▶ What this task involves: Please restate word for word, and with nothing added, the lines that run from the one holding "(real (deg V" to the end of the entries below.

^^^^

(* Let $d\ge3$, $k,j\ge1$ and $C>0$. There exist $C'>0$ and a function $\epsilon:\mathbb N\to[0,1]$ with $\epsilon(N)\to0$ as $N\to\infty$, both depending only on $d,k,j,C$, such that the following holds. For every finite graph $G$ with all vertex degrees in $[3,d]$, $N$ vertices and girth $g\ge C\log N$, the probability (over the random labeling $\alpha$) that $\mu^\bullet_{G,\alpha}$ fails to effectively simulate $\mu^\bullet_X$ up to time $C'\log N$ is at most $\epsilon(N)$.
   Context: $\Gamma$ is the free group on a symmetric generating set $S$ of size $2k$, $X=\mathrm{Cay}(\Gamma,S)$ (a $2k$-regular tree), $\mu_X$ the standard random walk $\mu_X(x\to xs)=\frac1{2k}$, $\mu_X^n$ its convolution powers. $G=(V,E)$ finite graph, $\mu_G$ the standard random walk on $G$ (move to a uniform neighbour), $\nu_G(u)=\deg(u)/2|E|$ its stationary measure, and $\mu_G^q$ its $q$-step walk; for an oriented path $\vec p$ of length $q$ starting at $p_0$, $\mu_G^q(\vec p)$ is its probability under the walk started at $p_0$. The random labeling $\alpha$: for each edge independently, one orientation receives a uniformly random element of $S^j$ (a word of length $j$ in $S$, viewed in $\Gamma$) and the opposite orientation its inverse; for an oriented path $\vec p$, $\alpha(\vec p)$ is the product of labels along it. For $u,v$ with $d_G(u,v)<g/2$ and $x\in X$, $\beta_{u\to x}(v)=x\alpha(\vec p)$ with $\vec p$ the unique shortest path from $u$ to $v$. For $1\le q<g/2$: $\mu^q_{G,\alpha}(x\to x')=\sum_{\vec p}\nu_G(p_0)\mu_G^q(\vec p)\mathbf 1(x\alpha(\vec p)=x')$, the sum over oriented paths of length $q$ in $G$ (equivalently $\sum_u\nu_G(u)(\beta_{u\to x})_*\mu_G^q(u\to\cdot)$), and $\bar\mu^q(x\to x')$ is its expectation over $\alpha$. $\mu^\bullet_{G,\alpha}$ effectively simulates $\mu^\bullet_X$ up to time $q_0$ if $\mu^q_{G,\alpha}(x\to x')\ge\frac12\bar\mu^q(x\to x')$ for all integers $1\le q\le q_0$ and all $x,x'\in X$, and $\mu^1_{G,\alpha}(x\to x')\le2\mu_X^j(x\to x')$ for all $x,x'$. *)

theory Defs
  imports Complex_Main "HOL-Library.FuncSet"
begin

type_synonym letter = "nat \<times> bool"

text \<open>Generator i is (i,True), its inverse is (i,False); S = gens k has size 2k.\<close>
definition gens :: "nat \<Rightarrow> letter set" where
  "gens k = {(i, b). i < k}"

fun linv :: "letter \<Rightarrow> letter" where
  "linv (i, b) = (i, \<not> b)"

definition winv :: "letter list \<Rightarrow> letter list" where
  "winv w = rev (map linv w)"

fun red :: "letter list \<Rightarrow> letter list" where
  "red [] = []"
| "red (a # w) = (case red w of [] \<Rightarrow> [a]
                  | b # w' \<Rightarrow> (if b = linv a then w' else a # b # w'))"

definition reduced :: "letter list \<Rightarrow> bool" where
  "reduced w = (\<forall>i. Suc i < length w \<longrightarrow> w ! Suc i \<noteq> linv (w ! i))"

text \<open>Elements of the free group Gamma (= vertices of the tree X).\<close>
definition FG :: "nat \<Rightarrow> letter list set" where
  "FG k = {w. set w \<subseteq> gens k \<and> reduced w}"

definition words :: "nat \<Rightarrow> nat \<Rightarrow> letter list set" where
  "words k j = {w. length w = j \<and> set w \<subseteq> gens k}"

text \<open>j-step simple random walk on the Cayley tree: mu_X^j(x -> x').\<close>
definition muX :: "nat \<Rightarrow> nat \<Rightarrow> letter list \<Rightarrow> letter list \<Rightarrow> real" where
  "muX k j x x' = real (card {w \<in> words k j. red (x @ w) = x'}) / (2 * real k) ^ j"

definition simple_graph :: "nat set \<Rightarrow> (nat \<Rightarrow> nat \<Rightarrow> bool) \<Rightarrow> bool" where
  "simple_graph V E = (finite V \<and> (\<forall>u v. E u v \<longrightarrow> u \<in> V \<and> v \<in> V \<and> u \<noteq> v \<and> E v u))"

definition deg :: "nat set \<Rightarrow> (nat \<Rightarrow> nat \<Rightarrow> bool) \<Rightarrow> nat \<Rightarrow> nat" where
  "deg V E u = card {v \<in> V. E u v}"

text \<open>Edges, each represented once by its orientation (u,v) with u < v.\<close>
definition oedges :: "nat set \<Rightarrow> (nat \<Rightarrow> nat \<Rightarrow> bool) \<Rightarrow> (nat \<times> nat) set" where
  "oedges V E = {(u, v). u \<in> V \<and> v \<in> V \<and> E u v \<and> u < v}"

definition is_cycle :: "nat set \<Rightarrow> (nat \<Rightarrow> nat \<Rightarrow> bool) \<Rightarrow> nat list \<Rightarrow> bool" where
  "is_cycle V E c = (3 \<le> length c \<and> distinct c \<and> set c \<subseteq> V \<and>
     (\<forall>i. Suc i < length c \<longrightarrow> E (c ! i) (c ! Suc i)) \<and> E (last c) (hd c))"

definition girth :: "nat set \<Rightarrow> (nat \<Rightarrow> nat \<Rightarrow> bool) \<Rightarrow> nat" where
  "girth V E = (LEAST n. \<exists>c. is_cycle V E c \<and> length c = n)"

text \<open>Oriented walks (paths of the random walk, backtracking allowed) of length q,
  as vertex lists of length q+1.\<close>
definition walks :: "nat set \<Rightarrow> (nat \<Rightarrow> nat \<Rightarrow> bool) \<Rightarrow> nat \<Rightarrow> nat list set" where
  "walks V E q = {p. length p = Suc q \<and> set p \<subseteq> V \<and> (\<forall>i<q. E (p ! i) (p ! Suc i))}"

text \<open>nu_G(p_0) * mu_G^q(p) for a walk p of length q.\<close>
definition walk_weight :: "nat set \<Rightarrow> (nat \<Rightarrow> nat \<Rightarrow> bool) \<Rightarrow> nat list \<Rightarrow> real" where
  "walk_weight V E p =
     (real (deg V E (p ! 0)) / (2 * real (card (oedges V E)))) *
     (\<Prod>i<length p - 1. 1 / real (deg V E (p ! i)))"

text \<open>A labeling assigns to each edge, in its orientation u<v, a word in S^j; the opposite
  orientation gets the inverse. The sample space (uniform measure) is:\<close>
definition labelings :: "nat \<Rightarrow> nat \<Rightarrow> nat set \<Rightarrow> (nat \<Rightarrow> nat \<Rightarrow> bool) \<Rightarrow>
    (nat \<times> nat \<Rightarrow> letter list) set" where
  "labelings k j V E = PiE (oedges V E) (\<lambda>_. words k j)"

^^^^

▶ The completed task:
     (real (deg V E (p ! 0)) / (2 * real (card (oedges V E)))) *
     (\<Prod>i<length p - 1. 1 / real (deg V E (p ! i)))"

text \<open>A labeling assigns to each edge, in its orientation u<v, a word in S^j; the opposite
  orientation gets the inverse. The sample space (uniform measure) is:\<close>
definition labelings :: "nat \<Rightarrow> nat \<Rightarrow> nat set \<Rightarrow> (nat \<Rightarrow> nat \<Rightarrow> bool) \<Rightarrow>
    (nat \<times> nat \<Rightarrow> letter list) set" where
  "labelings k j V E = PiE (oedges V E) (\<lambda>_. words k j)"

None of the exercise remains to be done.